Update 1/22/16: As we predicted, the two additional dogs tested from the Kent kennel were found to be positive for H3N2 canine influenza. This confirmation is a reminder to dog owners to keep a watch out for flu symptoms and if your dog is showing symptoms, keep him/her out of kennels, day cares, dog parks and other places where dogs congregate. Call your vet for guidance on caring for a dog with the flu and when you might need to take him/her in for a visit. Even though canine influenza cannot make people sick, dog owners can help the whole community by limiting the spread of this disease.

Update 1/13/16: Public Health received additional test results late Wednesday that indicate dogs at the Kent kennel did have canine influenza. We’re waiting on further results to determine which strain, but all signs point to novel H3N2 canine influenza. For updates, subscribe to publichealthinsider.com by clicking on the “follow” button in the lower right-hand corner of your browser window.

Sick dog facing camera on white background
Poor pooch!

Original Post 1/12/16: Canine influenza – or dog flu – has been diagnosed in dogs for several years. But a new strain of canine influenza called H3N2 has been found in more than 25 states since April 2015. In Chicago, this novel (or newly appeared) influenza virus sickened more than a thousand dogs during the first outbreak in the United States. Now, Public Health – Seattle & King County veterinarian Beth Lipton thinks that we may have found cases here in King County. Public Health Insider talked to her to find out more.

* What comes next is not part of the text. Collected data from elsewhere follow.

(*
  A graded Poisson automorphism of P is triangular on the variables: it scales x1 and x2 and
  sends x3 to a x1 + b x2 + l x3, where l is also its scalar on x1.  For a Poisson reflection
  l = 1, so a group G generated by reflections fixes x1 and acts on x2 through a character whose
  exponent m is at least 2.  The Poisson centre of P is k[z] with z = x1^2 x2, and its G-invariant
  elements lie in k[z^m].  If psi : P^G -> P were a Poisson isomorphism, then psi^-1(z) = H(z^m)
  for a polynomial H, while psi(z^m) = F(z) is central in P.  Hence z = H(F(z)), so F has
  degree 1 and psi(x1)^(2m) psi(x2^m) = c0 + c1 z with c1 /= 0.  Since 2m >= 4, comparing
  leading monomials forces psi(x1) to be a constant, contradicting injectivity of psi.
*)

theory Submission
  imports Defs "HOL-Library.Product_Lexorder"
begin

(* With the lexicographic order on exponent triples, the library instance for poly_mapping
   makes P an integral domain, and leading monomials become additive. *)
instance prod :: ("{ordered_cancel_comm_monoid_add, linorder}", "{ordered_cancel_comm_monoid_add, linorder}")
    ordered_cancel_comm_monoid_add
proof
  fix a b c :: "'a \<times> 'b"
  assume "a \<le> b"
  then show "c + a \<le> c + b"
    by (cases a; cases b; cases c) (auto simp: le_less add_strict_left_mono)
qed

(* Jordan_Normal_Form makes One_nat_def a simp rule, which would rewrite exponents 1 to Suc 0. *)
declare One_nat_def [simp del]

section \<open>Leading monomials\<close>

definition lead_monom :: "('a::linorder \<Rightarrow>\<^sub>0 'b::zero) \<Rightarrow> 'a" where
  "lead_monom f = Max (Poly_Mapping.keys f)"

lemma lead_monom_in_keys: "f \<noteq> 0 \<Longrightarrow> lead_monom f \<in> Poly_Mapping.keys f"
  unfolding lead_monom_def by simp

lemma le_lead_monom: "k \<in> Poly_Mapping.keys f \<Longrightarrow> k \<le> lead_monom f"
  unfolding lead_monom_def by simp

lemma lookup_lead_monom_nonzero: "f \<noteq> 0 \<Longrightarrow> Poly_Mapping.lookup f (lead_monom f) \<noteq> 0"
  using lead_monom_in_keys by (simp add: in_keys_iff)

lemma lookup_mult_lead_monom:
  fixes f g :: "'a::{ordered_cancel_comm_monoid_add, linorder} \<Rightarrow>\<^sub>0 'b::semiring_0"
  assumes "f \<noteq> 0" "g \<noteq> 0"
  shows "Poly_Mapping.lookup (f * g) (lead_monom f + lead_monom g) =
           Poly_Mapping.lookup f (lead_monom f) * Poly_Mapping.lookup g (lead_monom g)"
proof -
  let ?k = "lead_monom f + lead_monom g"
  have only_top: "a = lead_monom f \<and> b = lead_monom g"
    if "?k = a + b" "Poly_Mapping.lookup f a * Poly_Mapping.lookup g b \<noteq> 0" for a b
  proof -
    have "a \<in> Poly_Mapping.keys f" "b \<in> Poly_Mapping.keys g"
      using that(2) by (auto simp: in_keys_iff)
    then have "a \<le> lead_monom f" "b \<le> lead_monom g"
      by (auto intro: le_lead_monom)
    then show ?thesis
      using that(1) by (metis add_less_le_mono add_le_less_mono order_neq_le_trans less_irrefl)
  qed
  have "Poly_Mapping.lookup (f * g) k =
      Sum_any (\<lambda>(a, b). Poly_Mapping.lookup f a * Poly_Mapping.lookup g b when k = a + b)" for k
    by transfer (simp add: prod_fun_unfold_prod)
  also have "\<dots> ?k = Sum_any (\<lambda>ab.
      (case ab of (a, b) \<Rightarrow> Poly_Mapping.lookup f a * Poly_Mapping.lookup g b)
        when ab = (lead_monom f, lead_monom g))"
    by (rule Sum_any.cong) (auto simp: when_def split: if_splits dest: only_top)
  also have "\<dots> = Poly_Mapping.lookup f (lead_monom f) * Poly_Mapping.lookup g (lead_monom g)"
    by (simp only: Sum_any_when_equal prod.case)
  finally show ?thesis .
qed

lemma lead_monom_mult:
  fixes f g :: "'a::{ordered_cancel_comm_monoid_add, linorder} \<Rightarrow>\<^sub>0 'b::semiring_no_zero_divisors"
  assumes "f \<noteq> 0" "g \<noteq> 0"
  shows "lead_monom (f * g) = lead_monom f + lead_monom g"
proof (rule antisym)
  have "lead_monom f + lead_monom g \<in> Poly_Mapping.keys (f * g)"
    using lookup_mult_lead_monom[OF assms] lookup_lead_monom_nonzero[OF assms(1)]
      lookup_lead_monom_nonzero[OF assms(2)] by (simp add: in_keys_iff)
  then show "lead_monom f + lead_monom g \<le> lead_monom (f * g)"
    by (rule le_lead_monom)
  have "f * g \<noteq> 0" using assms by simp
  then obtain a b where "lead_monom (f * g) = a + b" "a \<in> Poly_Mapping.keys f" "b \<in> Poly_Mapping.keys g"
    using keys_mult lead_monom_in_keys by blast
  then show "lead_monom (f * g) \<le> lead_monom f + lead_monom g"
    by (simp add: add_mono le_lead_monom)
qed

lemma lookup_single_mult_add:
  fixes g :: "'a::cancel_comm_monoid_add \<Rightarrow>\<^sub>0 'b::semiring_0"
  shows "Poly_Mapping.lookup (Poly_Mapping.single m v * g) (m + k) = v * Poly_Mapping.lookup g k"
  by (simp add: lookup_mult lookup_single when_mult)

lemma lookup_single_mult_eq_0:
  fixes g :: "'a::cancel_comm_monoid_add \<Rightarrow>\<^sub>0 'b::semiring_0"
  assumes "\<And>k. n \<noteq> m + k"
  shows "Poly_Mapping.lookup (Poly_Mapping.single m v * g) n = 0"
  using assms by (simp add: lookup_mult lookup_single when_mult)

section \<open>Coefficients and partial derivatives\<close>

lemma P3_eqI:
  fixes f g :: "'k::zero P3"
  assumes "\<And>a b c. Poly_Mapping.lookup f (a, b, c) = Poly_Mapping.lookup g (a, b, c)"
  shows "f = g"
  using assms by (intro poly_mapping_eqI) auto

lemma zero_triple: "(0 :: nat \<times> nat \<times> nat) = (0, 0, 0)"
  by (simp add: zero_prod_def)

lemma one_P3: "(1 :: 'k::comm_ring_1 P3) = Poly_Mapping.single (0, 0, 0) 1"
  unfolding zero_triple[symmetric] by simp

lemma numeral_P3: "(numeral n :: 'k::comm_ring_1 P3) = Poly_Mapping.single (0, 0, 0) (numeral n)"
  unfolding zero_triple[symmetric] by simp

lemma single_power:
  "Poly_Mapping.single (a, b, c) v ^ n = Poly_Mapping.single (n * a, n * b, n * c) (v ^ n :: 'k::comm_ring_1)"
  by (induction n) (simp_all add: mult_single one_P3)

lemma P3_sum_single: "f = (\<Sum>k\<in>Poly_Mapping.keys f. Poly_Mapping.single k (Poly_Mapping.lookup f k))"
  by (rule poly_mapping_eqI) (simp add: lookup_sum lookup_single when_def in_keys_iff)

lemma const_if_lead_monom_eq_0:
  fixes f :: "'k::comm_ring_1 P3"
  assumes "lead_monom f = 0"
  shows "f = const (Poly_Mapping.lookup f 0)"
proof -
  have "k = 0" if "k \<in> Poly_Mapping.keys f" for k
    using le_lead_monom[OF that] assms by (cases k) (auto simp: zero_triple)
  then show ?thesis
    unfolding const_def zero_triple[symmetric]
    by (intro poly_mapping_eqI) (auto simp: lookup_single when_def in_keys_iff)
qed

lemma const_if_power_mult_lead_monom:
  fixes p q :: "'k::idom P3"
  assumes "p ^ n * q \<noteq> 0" "3 \<le> n" "lead_monom (p ^ n * q) = (2, 1, 0)"
  shows "p = const (Poly_Mapping.lookup p 0)"
proof -
  obtain k where "n = Suc (Suc (Suc k))"
    using assms(2) by (auto dest: le_Suc_ex simp: numeral_3_eq_3)
  define r where "r = p ^ k * q"
  have "p ^ n * q = p * (p * (p * r))"
    unfolding r_def \<open>n = Suc (Suc (Suc k))\<close> by (simp add: mult.assoc)
  moreover have "p \<noteq> 0" "r \<noteq> 0"
    using assms(1) unfolding r_def \<open>n = Suc (Suc (Suc k))\<close> by auto
  ultimately have "lead_monom p + (lead_monom p + (lead_monom p + lead_monom r)) = (2, 1, 0)"
    using assms(3) by (simp add: lead_monom_mult)
  moreover obtain a b c a' b' c' where "lead_monom p = (a, b, c)" "lead_monom r = (a', b', c')"
    by (metis prod.exhaust)
  ultimately have "a + (a + (a + a')) = 2" "b + (b + (b + b')) = 1" "c + (c + (c + c')) = 0"
    by simp_all
  then have "lead_monom p = 0"
    using \<open>lead_monom p = (a, b, c)\<close> by (simp add: zero_triple)
  then show ?thesis
    by (rule const_if_lead_monom_eq_0)
qed

lemma lookup_pd:
  fixes f :: "'k::comm_ring_1 P3"
  shows "Poly_Mapping.lookup (pd1 f) (a, b, c) = of_nat (Suc a) * Poly_Mapping.lookup f (Suc a, b, c)"
    and "Poly_Mapping.lookup (pd2 f) (a, b, c) = of_nat (Suc b) * Poly_Mapping.lookup f (a, Suc b, c)"
    and "Poly_Mapping.lookup (pd3 f) (a, b, c) = of_nat (Suc c) * Poly_Mapping.lookup f (a, b, Suc c)"
proof -
  have "Poly_Mapping.lookup (case m of (a', b', c') \<Rightarrow>
          Poly_Mapping.single (a' - 1, b', c') (of_nat a' * Poly_Mapping.lookup f m)) (a, b, c)
        = (if m = (Suc a, b, c) then of_nat (Suc a) * Poly_Mapping.lookup f m else 0)"
   and "Poly_Mapping.lookup (case m of (a', b', c') \<Rightarrow>
          Poly_Mapping.single (a', b' - 1, c') (of_nat b' * Poly_Mapping.lookup f m)) (a, b, c)
        = (if m = (a, Suc b, c) then of_nat (Suc b) * Poly_Mapping.lookup f m else 0)"
   and "Poly_Mapping.lookup (case m of (a', b', c') \<Rightarrow>
          Poly_Mapping.single (a', b', c' - 1) (of_nat c' * Poly_Mapping.lookup f m)) (a, b, c)
        = (if m = (a, b, Suc c) then of_nat (Suc c) * Poly_Mapping.lookup f m else 0)" for m
    by (cases m; auto simp: lookup_single when_def split: nat_diff_split_asm)+
  then show "Poly_Mapping.lookup (pd1 f) (a, b, c) = of_nat (Suc a) * Poly_Mapping.lookup f (Suc a, b, c)"
    and "Poly_Mapping.lookup (pd2 f) (a, b, c) = of_nat (Suc b) * Poly_Mapping.lookup f (a, Suc b, c)"
    and "Poly_Mapping.lookup (pd3 f) (a, b, c) = of_nat (Suc c) * Poly_Mapping.lookup f (a, b, Suc c)"
    by (simp_all add: pd1_def pd2_def pd3_def lookup_sum in_keys_iff)
qed

lemma pd_add:
  fixes f g :: "'k::comm_ring_1 P3"
  shows "pd1 (f + g) = pd1 f + pd1 g" "pd2 (f + g) = pd2 f + pd2 g" "pd3 (f + g) = pd3 f + pd3 g"
  by (rule P3_eqI, simp add: lookup_add lookup_pd algebra_simps)+

lemma pd_single:
  fixes v :: "'k::comm_ring_1"
  shows "pd1 (Poly_Mapping.single (a, b, c) v) = Poly_Mapping.single (a - 1, b, c) (of_nat a * v)"
    and "pd2 (Poly_Mapping.single (a, b, c) v) = Poly_Mapping.single (a, b - 1, c) (of_nat b * v)"
    and "pd3 (Poly_Mapping.single (a, b, c) v) = Poly_Mapping.single (a, b, c - 1) (of_nat c * v)"
proof -
  show "pd1 (Poly_Mapping.single (a, b, c) v) = Poly_Mapping.single (a - 1, b, c) (of_nat a * v)"
    by (rule P3_eqI) (cases a; auto simp: lookup_pd lookup_single when_def)
  show "pd2 (Poly_Mapping.single (a, b, c) v) = Poly_Mapping.single (a, b - 1, c) (of_nat b * v)"
    by (rule P3_eqI) (cases b; auto simp: lookup_pd lookup_single when_def)
  show "pd3 (Poly_Mapping.single (a, b, c) v) = Poly_Mapping.single (a, b, c - 1) (of_nat c * v)"
    by (rule P3_eqI) (cases c; auto simp: lookup_pd lookup_single when_def)
qed

lemma pd_X [simp]:
  "pd1 X1 = (1 :: 'k::comm_ring_1 P3)" "pd2 X1 = (0 :: 'k P3)" "pd3 X1 = (0 :: 'k P3)"
  "pd1 X2 = (0 :: 'k P3)" "pd2 X2 = (1 :: 'k P3)" "pd3 X2 = (0 :: 'k P3)"
  "pd1 X3 = (0 :: 'k P3)" "pd2 X3 = (0 :: 'k P3)" "pd3 X3 = (1 :: 'k P3)"
  by (simp_all add: X1_def X2_def X3_def pd_single one_P3)

lemma pb_eq:
  "pb f g = (pd2 f * pd3 g - pd3 f * pd2 g) * (2 * X1 * X2) + (pd3 f * pd1 g - pd1 f * pd3 g) * X1 ^ 2"
  by (simp add: pb_def)

section \<open>Graded Poisson automorphisms\<close>

definition linear_form :: "'k \<Rightarrow> 'k \<Rightarrow> 'k \<Rightarrow> 'k::comm_ring_1 P3" where
  "linear_form a b c =
     Poly_Mapping.single (1, 0, 0) a + Poly_Mapping.single (0, 1, 0) b + Poly_Mapping.single (0, 0, 1) c"

lemma X_eq_linear_form: "X1 = linear_form 1 0 0" "X2 = linear_form 0 1 0" "X3 = linear_form 0 0 1"
  by (simp_all add: linear_form_def X1_def X2_def X3_def)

What makes you suspect that this new strain of canine influenza virus is in King County? During the month of December 2015, dogs at an area boarding and dog daycare facility began getting sick with respiratory symptoms, primarily cough. The facility owner estimates about 80-90 dogs got sick. The facility self-closed and implemented isolation procedures to help contain the outbreak. Recently laboratory tests from two dogs that had contact with an ill dog who’d been at the facility were found to be positive for H3N2 canine influenza.

The H3N8 strain of canine influenza has been in the U.S. since 2004. Why is this new H3N2 strain of particular concern?  While it’s been found in parts of Asia, canine influenza H3N2 is new to the United States. Since canine influenza virus H3N2 is a novel virus, all dogs, regardless of breed or age, are at risk of infection when first exposed. The virus is highly contagious and dogs get sick easily. In Chicago last year, thousands of dog owners brought their dogs to the vet, overwhelming their offices. Because it’s so contagious, if boarding facilities, shelters, and doggie day cares experience an outbreak they may need to temporarily close, which would be highly disruptive.

What are the signs and symptoms? Symptoms include cough, runny nose, and/or fever. Sick dogs may be lethargic. Dogs can come down with the flu within 24 hours of exposure. Some dogs don’t show symptoms, but are able to infect other dogs  for weeks. This strain of canine influenza isn’t particularly deadly, but can cause a secondary infection like pneumonia, which can kill dogs.

How does it spread? Just like with human flu, the virus can be spread by direct contact, contaminated objects such as hands, surfaces, clothing, etc., and through droplets in the air, which may travel up to 20 feet or more. The virus can live in the environment for about 2 days and on hands and on clothing for up to 24 hours. If the virus enters a kennel or other closed group, a high percentage of the dogs become infected, and most will be symptomatic.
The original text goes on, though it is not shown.